Abstract  Many state-of-the-art methods in machine learning are black boxes which do not allow humans to understand how decisions are made. In a number of applications, like medicine and atmospheric science, researchers do not trust such black boxes. Explainable AI can be thought of as attempts to open the black box of neural networks, while interpretable AI focuses on creating clear boxes. Adversarial attacks are small perturbations of data that cause a neural network to misclassify the data or act in other undesirable ways. Such attacks are potentially very dangerous when applied to technology like self-driving cars. The goal of this talk is to introduce mathematicians to problems they can attack using their favorite mathematical tools. The mathematical structure of transformers, the powerhouse behind large language models like ChatGPT, will also be explained.
 
 
 
Apr 10   Back to top

Dustin Mixon

Ohio State University

Title  Towards a bilipschitz invariant theory

Abstract  It is often important in data science to identify data that is semantically the same. For example, if one imaged an object in different orientations, one would typically want a machine learning algorithm to classify the object in each of the images as being the same.

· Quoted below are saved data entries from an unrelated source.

lemma luxnorm_le_mult_luxnorm:
  assumes a: "0 < a"
    and scale: "\<And>s. 0 < s \<Longrightarrow> lux_modular j g Q s \<le> 1 \<Longrightarrow> lux_modular k f Q (a * s) \<le> 1"
  shows "luxnorm k f Q \<le> ereal a * luxnorm j g Q"
proof -
  have "luxnorm k f Q / ereal a \<le> luxnorm j g Q"
    unfolding luxnorm_eq_Inf_lux_modular[of j]
  proof (rule Inf_greatest)
    fix y assume "y \<in> ereal ` {s. 0 < s \<and> lux_modular j g Q s \<le> 1}"
    then obtain s where s: "0 < s" "lux_modular j g Q s \<le> 1" and y: "y = ereal s" by blast
    have "luxnorm k f Q \<le> ereal (a * s)"
      unfolding luxnorm_eq_Inf_lux_modular using a s scale by (intro Inf_lower) auto
    then show "luxnorm k f Q / ereal a \<le> y" using a y by (simp add: ereal_divide_le_pos)
  qed
  then show ?thesis using a by (simp add: ereal_divide_le_pos)
qed
(* Let $m/n\in(0,1/2)$, $\mathrm{LFS}(m/n)=(0=u_1/v_1,\dots,u_\alpha/v_\alpha)$, and let the elements of $\mathcal A_{m/n}$ be $0=k_1<k_2<\cdots<k_\alpha=m-1$. Then $\#\mathcal O_{m/n}[k_i,0]=v_i$ for each $i$. In particular, the elements of $\mathcal A_{m/n}$ appear in decreasing order along the orbit segment $\mathcal O_{m/n}[m,0]$.
   Context: Rationals in lowest terms. $\mathrm{LFP}(h/k)$ is the element immediately preceding $h/k$ in the increasing list of rationals in $[0,1/2]$ with denominator at most $k$; $\mathrm{LFS}(m/n)=(0=u_1/v_1,\dots,u_\alpha/v_\alpha)$ with $u_\alpha/v_\alpha=\mathrm{LFP}(m/n)$ and $u_i/v_i=\mathrm{LFP}(u_{i+1}/v_{i+1})$. $+_n$ is addition mod $n$; $\mathcal O_{m/n}[r,s]=\{r+_njm\colon0\le j\le K\}$ with $K\ge0$ least such that $r+_nKm=s$ (an orbit segment ordered by $j$). $k\in[0,m-1]$ is $m/n$-admissible if $\{k+1,\dots,m-1\}\cap\mathcal O_{m/n}[k,0]=\emptyset$; $\mathcal A_{m/n}$ is the set of such $k$ (it has exactly $\alpha$ elements, including $0$ and $m-1$). *)

theory Defs
  imports Main "HOL.Rat"
begin

definition denom :: "rat \<Rightarrow> int" where
  "denom q = snd (quotient_of q)"

definition LFP :: "rat \<Rightarrow> rat" where
  "LFP q = Max {x. 0 \<le> x \<and> x \<le> 1/2 \<and> denom x \<le> denom q \<and> x < q}"

(* us is LFS(q) = (u_1,...,u_alpha) as a list (0-indexed):
   u_1 = 0, u_alpha = LFP q, u_i = LFP u_{i+1}, and the iteration stops
   at the first time 0 is reached. *)
definition is_LFS :: "rat \<Rightarrow> rat list \<Rightarrow> bool" where
  "is_LFS q us \<longleftrightarrow> us \<noteq> [] \<and> hd us = 0 \<and> last us = LFP q \<and>
     (\<forall>i. Suc i < length us \<longrightarrow> us ! i = LFP (us ! Suc i)) \<and>
     0 \<notin> set (tl us)"

definition orbK :: "nat \<Rightarrow> nat \<Rightarrow> nat \<Rightarrow> nat \<Rightarrow> nat" where
  "orbK m n r s = (LEAST K. (r + K * m) mod n = s)"

definition orb_list :: "nat \<Rightarrow> nat \<Rightarrow> nat \<Rightarrow> nat \<Rightarrow> nat list" where
  "orb_list m n r s = map (\<lambda>j. (r + j * m) mod n) [0..<Suc (orbK m n r s)]"

definition orb :: "nat \<Rightarrow> nat \<Rightarrow> nat \<Rightarrow> nat \<Rightarrow> nat set" where
  "orb m n r s = set (orb_list m n r s)"

definition admissible :: "nat \<Rightarrow> nat \<Rightarrow> nat \<Rightarrow> bool" where
  "admissible m n k \<longleftrightarrow> k \<le> m - 1 \<and> {k+1..m-1} \<inter> orb m n k 0 = {}"

definition adm_set :: "nat \<Rightarrow> nat \<Rightarrow> nat set" where
  "adm_set m n = {k. admissible m n k}"

end

theory Submission
  imports Defs "HOL-Number_Theory.Cong"
begin

(* Write steps k for the number of steps the orbit k, k +_n m, k +_n 2m, ... needs to reach 0, so
   that #O[k,0] = steps k + 1. Since k + (steps k) m = 0 (mod n), we get (steps k + 1) m = m - k
   (mod n) for k < m. Hence k is admissible iff steps is larger than at k at every y in (k, m),
   and k |-> steps k + 1 is an increasing bijection from the admissible numbers onto the record
   times of v |-> v m mod n, i.e. the v whose residue is smaller than that of every 0 < w < v.
   On the rational side, LFS(m/n) is the list of best lower approximations of m/n (fractions
   r < m/n exceeding every fraction below m/n of denominator at most denom r), ordered by
   increasing denominator, and u/v is one iff v is a record time and u = floor (v m / n): the gap
   v m - u n = v m mod n measures how far u/v lies below m/n. Matching the two increasing lists
   gives the orbit sizes. Along the orbit of m, steps drops by one at each point, while it
   increases on admissible numbers, so these appear in decreasing order. *)

section \<open>Numerators and denominators\<close>

definition numer :: "rat \<Rightarrow> int" where
  "numer q = fst (quotient_of q)"

lemma denom_pos: "0 < denom q"
  unfolding denom_def by (rule quotient_of_denom_pos')

lemma numer_denom: "of_int (numer q) / of_int (denom q) = q"
  unfolding numer_def denom_def by (rule quotient_of_div [symmetric]) simp

lemma coprime_numer_denom: "coprime (numer q) (denom q)"
  unfolding numer_def denom_def by (rule quotient_of_coprime) simp

lemma denom_zero [simp]: "denom 0 = 1"
  unfolding denom_def by simp

lemma le_div_of_mult_le:
  fixes a b c :: int
  assumes "0 < c" "a * c \<le> b"
  shows "a \<le> b div c"
proof -
  have "a = a * c div c" using assms(1) by simp
  also have "\<dots> \<le> b div c" using assms by (intro zdiv_mono1) simp_all
  finally show ?thesis .
qed

lemma frac_less_iff:
  assumes "0 < b" "0 < d"
  shows "(of_int a / of_int b :: rat) < of_int c / of_int d \<longleftrightarrow> a * d < c * b"
  using assms by (simp add: field_simps flip: of_int_mult)

lemma frac_le_iff:
  assumes "0 < b" "0 < d"
  shows "(of_int a / of_int b :: rat) \<le> of_int c / of_int d \<longleftrightarrow> a * d \<le> c * b"
  using assms by (simp add: field_simps flip: of_int_mult)

lemma numer_nonneg: "0 \<le> q \<Longrightarrow> 0 \<le> numer q"
  using frac_le_iff[of 1 "denom q" 0 "numer q"] by (simp add: denom_pos numer_denom)

lemma denom_frac_le:
  assumes "0 < b"
  shows "denom (of_int a / of_int b) \<le> b"
proof -
  let ?x = "of_int a / of_int b :: rat"
  have "a * denom ?x = numer ?x * b"
    using numer_denom[of ?x] assms denom_pos[of ?x] by (simp add: frac_eq_eq flip: of_int_mult)
  then have "denom ?x dvd numer ?x * b" by (metis dvd_triv_right)
  then have "denom ?x dvd b"
    using coprime_numer_denom by (metis coprime_commute coprime_dvd_mult_right_iff)
  then show ?thesis using assms by (simp add: zdvd_imp_le)
qed

lemma denom_frac_coprime:
  assumes "0 < b" "coprime a b"
  shows "denom (of_int a / of_int b) = b"
  using assms unfolding denom_def by (simp add: Fract_of_int_quotient [symmetric] quotient_of_Fract)

lemma exists_between_smaller_denom:
  assumes "0 \<le> x" "x < y" "y < 1" "denom x = denom y"
  shows "\<exists>z. x < z \<and> z < y \<and> denom z < denom y"
proof -
  define a b c where "a = numer y" and "b = denom y" and "c = numer x"
  have b: "0 < b" unfolding b_def by (rule denom_pos)
  have y: "y = of_int a / of_int b" and x: "x = of_int c / of_int b"
    using numer_denom[of x] numer_denom[of y] assms(4) by (simp_all add: a_def b_def c_def)
  have "c < a" using assms(2) frac_less_iff[OF b b] b unfolding x y by simp
  moreover have "a < b" using assms(3) frac_less_iff[OF b, of 1 a 1] unfolding y by simp
  moreover have "0 < c"
  proof (rule ccontr)
    have "0 \<le> c" unfolding c_def using assms(1) by (rule numer_nonneg)
    moreover assume "\<not> 0 < c"
    ultimately have "c = 0" "x = 0" unfolding x by simp_all
    then show False using assms(4) \<open>c < a\<close> \<open>a < b\<close> unfolding b_def by simp
  qed
  ultimately have b1: "0 < b - 1" and "c * b < a * (b - 1)" "c * (b - 1) < c * b"
    using mult_right_mono[of "c + 1" a "b - 1"] by (simp_all add: algebra_simps)
  then have "x < of_int c / of_int (b - 1)" "of_int c / of_int (b - 1) < y"
    unfolding x y by (simp_all only: frac_less_iff[OF b b1] frac_less_iff[OF b1 b])
  moreover have "denom (of_int c / of_int (b - 1)) < b"
    using denom_frac_le[of "b - 1" c] \<open>0 < c\<close> \<open>c < a\<close> \<open>a < b\<close> by simp
  ultimately show ?thesis unfolding b_def by blast
qed

section \<open>Left Farey predecessors and best lower approximations\<close>

lemma finite_bounded_denom: "finite {x :: rat. 0 \<le> x \<and> x \<le> 1 \<and> denom x \<le> B}"
proof (rule finite_subset)
  show "{x. 0 \<le> x \<and> x \<le> 1 \<and> denom x \<le> B}
      \<subseteq> (\<lambda>(a, b). of_int a / of_int b) ` ({0..B} \<times> {1..B})"
  proof
    fix x :: rat assume x: "x \<in> {x. 0 \<le> x \<and> x \<le> 1 \<and> denom x \<le> B}"
    have "numer x * 1 \<le> 1 * denom x"
      using x frac_le_iff[of "denom x" 1 "numer x" 1] by (simp add: numer_denom denom_pos)
    with x show "x \<in> (\<lambda>(a, b). of_int a / of_int b) ` ({0..B} \<times> {1..B})"
      using numer_nonneg[of x] denom_pos[of x] numer_denom[of x]
      by (intro image_eqI[of _ _ "(numer x, denom x)"]) auto
  qed
qed simp

lemma
  assumes "0 < q"
  shows LFP_nonneg: "0 \<le> LFP q" and LFP_less: "LFP q < q"
    and denom_LFP_le: "denom (LFP q) \<le> denom q"
    and LFP_greatest: "\<And>x. 0 \<le> x \<Longrightarrow> x \<le> 1/2 \<Longrightarrow> denom x \<le> denom q \<Longrightarrow> x < q \<Longrightarrow> x \<le> LFP q"
proof -
  define S where "S = {x. 0 \<le> x \<and> x \<le> 1/2 \<and> denom x \<le> denom q \<and> x < q}"
  have "finite S"
    by (rule finite_subset[OF _ finite_bounded_denom[of "denom q"]]) (auto simp: S_def)
  moreover have "0 \<in> S" using assms denom_pos[of q] by (simp add: S_def)
  ultimately have "LFP q \<in> S" "\<And>x. x \<in> S \<Longrightarrow> x \<le> LFP q"
    unfolding LFP_def S_def [symmetric] by (auto intro: Max_in Max_ge)
  then show "0 \<le> LFP q" "LFP q < q" "denom (LFP q) \<le> denom q"
    "\<And>x. 0 \<le> x \<Longrightarrow> x \<le> 1/2 \<Longrightarrow> denom x \<le> denom q \<Longrightarrow> x < q \<Longrightarrow> x \<le> LFP q"
    unfolding S_def by auto
qed

lemma denom_LFP_less:
  assumes "0 < q" "q \<le> 1/2"
  shows "denom (LFP q) < denom q"
proof (rule ccontr)
  assume "\<not> ?thesis"
  then have "denom (LFP q) = denom q" using denom_LFP_le[OF assms(1)] by simp
  then obtain z where "LFP q < z" "z < q" "denom z < denom q"
    using exists_between_smaller_denom[OF LFP_nonneg LFP_less] assms by fastforce
  then show False
    using LFP_greatest[OF assms(1), of z] LFP_nonneg[OF assms(1)] assms(2) by simp
qed

definition best_lower_approx :: "rat \<Rightarrow> rat \<Rightarrow> bool" where
  "best_lower_approx q r \<longleftrightarrow> 0 \<le> r \<and> r < q \<and> denom r \<le> denom q \<and>
     (\<forall>x. 0 \<le> x \<longrightarrow> x < q \<longrightarrow> denom x \<le> denom r \<longrightarrow> x \<le> r)"

lemma best_lower_approx_ge_frac:
  assumes "best_lower_approx q r" "0 \<le> a" "0 < b" "b \<le> denom r" "of_int a / of_int b < q"
  shows "of_int a / of_int b \<le> r"
  using assms denom_frac_le[of b a] unfolding best_lower_approx_def by auto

Motivated by such problems in data science, we study the following questions: (1) Given a Hilbert space V and a group G of linear isometries, does there exist a bilipschitz embedding of the quotient metric space V/G into a Hilbert space? (2) What are necessary and sufficient conditions for such embeddings? (3) Which embeddings minimally distort the metric?

We answer these questions in a variety of settings, and we conclude with several open problems.
 
 
 
Apr 24   Back to top

Rui Wang

Simons Center, New York University

Title  Topological deep learning for COVID-19 variants prediction, RNA motif design, and DockQ prediction.

Abstract  In this talk, I will introduce an integration of computational topology and artificial intelligence (AI), showcasing a novel topological deep-learning approach to forecast future COVID-19 variants, predict possible RNA motif structures, and enhance peptide-protein complex structures. Specifically, I will first introduce the capacities of persistent spectral graphs (PSGs), a mathematical approach in Topological Data Analysis (TDA), for analyzing the intricate topological changes and homotopy shape evolution of high-dimensional biological data. Next, I will demonstrate how PSG-based representations are integrated into AI and applied to diverse biological datasets, such as RNA motifs and protein interaction networks, to accurately predict RNA motif structures, enhance peptide-protein complex prediction, and forecast COVID-19 variant trends.